▸ Exercise prompt:
Return the records in full, with every character preserved.

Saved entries
——

(* Let $\{\omega_n:n\in\mathbb{N}_0\}$ and $\{\tilde\omega_n:n\in\mathbb{N}_0\}$ be the wavelet packets (defined in the context) with respect to a pair of biorthogonal scaling functions $\omega_0=\varphi$ and $\tilde\omega_0=\tilde\varphi$. Then $$\langle\omega_\ell(\cdot),\tilde\omega_n(\cdot-u(k))\rangle=\delta_{\ell,n}\,\delta_{0,k}\quad\text{for all }\ell,n,k\in\mathbb{N}_0.$$
   Context: $K$ is a local field of positive characteristic $p$ with ring of integers $\mathfrak{D}=\{|x|\le1\}$, prime ideal $\mathfrak{B}=\mathfrak{p}\mathfrak{D}$ ($\mathfrak{p}$ a prime element), $q=|\mathfrak{D}/\mathfrak{B}|=p^c$, Haar measure normalized with $\mathfrak{D}$ of measure $1$. Choose $\zeta_0=1,\zeta_1,\dots,\zeta_{c-1}\in\mathfrak{D}$ with $|\zeta_j|=1$ whose images form a basis of $\mathfrak{D}/\mathfrak{B}\cong GF(q)$ over $GF(p)$; for $0\le n<q$, $n=a_0+a_1p+\dots+a_{c-1}p^{c-1}$ ($0\le a_k<p$), put $u(n)=(a_0+a_1\zeta_1+\dots+a_{c-1}\zeta_{c-1})\mathfrak{p}^{-1}$, and for $n=b_0+b_1q+\dots+b_sq^s$ ($0\le b_k<q$), $u(n)=u(b_0)+u(b_1)\mathfrak{p}^{-1}+\dots+u(b_s)\mathfrak{p}^{-s}$. $\chi$ is a character of $(K,+)$ trivial on $\mathfrak{D}$, non-trivial on $\mathfrak{B}^{-1}$, $\chi_k(x)=\chi(u(k)x)$; $\hat f(\xi)=\int_Kf(x)\overline{\chi(\xi x)}dx$. Let $\varphi,\tilde\varphi\in L^2(K)$ and $\psi_\ell,\tilde\psi_\ell\in L^2(K)$ ($1\le\ell\le q-1$) satisfy $\varphi(x)=\sqrt q\sum_{k\in\mathbb{N}_0}a_k^0\varphi(\mathfrak{p}^{-1}x-u(k))$, $\psi_\ell(x)=\sqrt q\sum_ka_k^\ell\varphi(\mathfrak{p}^{-1}x-u(k))$, and the same with tildes (coefficients $\tilde a_k^s$), all coefficient sequences in $\ell^2(\mathbb{N}_0)$; masks $m_s(\xi)=\frac1{\sqrt q}\sum_ka_k^s\overline{\chi_k(\xi)}$, $\tilde m_s$ analogously ($0\le s\le q-1$). $\varphi$ is the scaling function of a multiresolution analysis of $L^2(K)$ and $\{\psi_\ell(\cdot-u(k))\}$ is a Riesz basis of a direct complement $W_0$ of $V_0$ in $V_1$. Biorthogonality: for all $k\in\mathbb{N}_0$, $1\le\ell,\ell'\le q-1$: $\langle\varphi,\tilde\varphi(\cdot-u(k))\rangle=\delta_{0,k}$, $\langle\varphi,\tilde\psi_\ell(\cdot-u(k))\rangle=0$, $\langle\tilde\varphi,\psi_\ell(\cdot-u(k))\rangle=0$, $\langle\psi_\ell,\tilde\psi_{\ell'}(\cdot-u(k))\rangle=\delta_{\ell,\ell'}\delta_{0,k}$. Wavelet packets: $\omega_0=\varphi$, $\tilde\omega_0=\tilde\varphi$, and for $n=qr+s$ with $r\in\mathbb{N}_0$, $0\le s\le q-1$: $\omega_n(x)=\sqrt q\sum_{k\in\mathbb{N}_0}a_k^s\omega_r(\mathfrak{p}^{-1}x-u(k))$, $\tilde\omega_n(x)=\sqrt q\sum_k\tilde a_k^s\tilde\omega_r(\mathfrak{p}^{-1}x-u(k))$. *)

theory Defs
  imports "HOL-Analysis.Analysis"
begin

——

▸ Answer to this task:
(* Let $\{\omega_n:n\in\mathbb{N}_0\}$ and $\{\tilde\omega_n:n\in\mathbb{N}_0\}$ be the wavelet packets (defined in the context) with respect to a pair of biorthogonal scaling functions $\omega_0=\varphi$ and $\tilde\omega_0=\tilde\varphi$. Then $$\langle\omega_\ell(\cdot),\tilde\omega_n(\cdot-u(k))\rangle=\delta_{\ell,n}\,\delta_{0,k}\quad\text{for all }\ell,n,k\in\mathbb{N}_0.$$
   Context: $K$ is a local field of positive characteristic $p$ with ring of integers $\mathfrak{D}=\{|x|\le1\}$, prime ideal $\mathfrak{B}=\mathfrak{p}\mathfrak{D}$ ($\mathfrak{p}$ a prime element), $q=|\mathfrak{D}/\mathfrak{B}|=p^c$, Haar measure normalized with $\mathfrak{D}$ of measure $1$. Choose $\zeta_0=1,\zeta_1,\dots,\zeta_{c-1}\in\mathfrak{D}$ with $|\zeta_j|=1$ whose images form a basis of $\mathfrak{D}/\mathfrak{B}\cong GF(q)$ over $GF(p)$; for $0\le n<q$, $n=a_0+a_1p+\dots+a_{c-1}p^{c-1}$ ($0\le a_k<p$), put $u(n)=(a_0+a_1\zeta_1+\dots+a_{c-1}\zeta_{c-1})\mathfrak{p}^{-1}$, and for $n=b_0+b_1q+\dots+b_sq^s$ ($0\le b_k<q$), $u(n)=u(b_0)+u(b_1)\mathfrak{p}^{-1}+\dots+u(b_s)\mathfrak{p}^{-s}$. $\chi$ is a character of $(K,+)$ trivial on $\mathfrak{D}$, non-trivial on $\mathfrak{B}^{-1}$, $\chi_k(x)=\chi(u(k)x)$; $\hat f(\xi)=\int_Kf(x)\overline{\chi(\xi x)}dx$. Let $\varphi,\tilde\varphi\in L^2(K)$ and $\psi_\ell,\tilde\psi_\ell\in L^2(K)$ ($1\le\ell\le q-1$) satisfy $\varphi(x)=\sqrt q\sum_{k\in\mathbb{N}_0}a_k^0\varphi(\mathfrak{p}^{-1}x-u(k))$, $\psi_\ell(x)=\sqrt q\sum_ka_k^\ell\varphi(\mathfrak{p}^{-1}x-u(k))$, and the same with tildes (coefficients $\tilde a_k^s$), all coefficient sequences in $\ell^2(\mathbb{N}_0)$; masks $m_s(\xi)=\frac1{\sqrt q}\sum_ka_k^s\overline{\chi_k(\xi)}$, $\tilde m_s$ analogously ($0\le s\le q-1$). $\varphi$ is the scaling function of a multiresolution analysis of $L^2(K)$ and $\{\psi_\ell(\cdot-u(k))\}$ is a Riesz basis of a direct complement $W_0$ of $V_0$ in $V_1$. Biorthogonality: for all $k\in\mathbb{N}_0$, $1\le\ell,\ell'\le q-1$: $\langle\varphi,\tilde\varphi(\cdot-u(k))\rangle=\delta_{0,k}$, $\langle\varphi,\tilde\psi_\ell(\cdot-u(k))\rangle=0$, $\langle\tilde\varphi,\psi_\ell(\cdot-u(k))\rangle=0$, $\langle\psi_\ell,\tilde\psi_{\ell'}(\cdot-u(k))\rangle=\delta_{\ell,\ell'}\delta_{0,k}$. Wavelet packets: $\omega_0=\varphi$, $\tilde\omega_0=\tilde\varphi$, and for $n=qr+s$ with $r\in\mathbb{N}_0$, $0\le s\le q-1$: $\omega_n(x)=\sqrt q\sum_{k\in\mathbb{N}_0}a_k^s\omega_r(\mathfrak{p}^{-1}x-u(k))$, $\tilde\omega_n(x)=\sqrt q\sum_k\tilde a_k^s\tilde\omega_r(\mathfrak{p}^{-1}x-u(k))$. *)

theory Defs
  imports "HOL-Analysis.Analysis"
begin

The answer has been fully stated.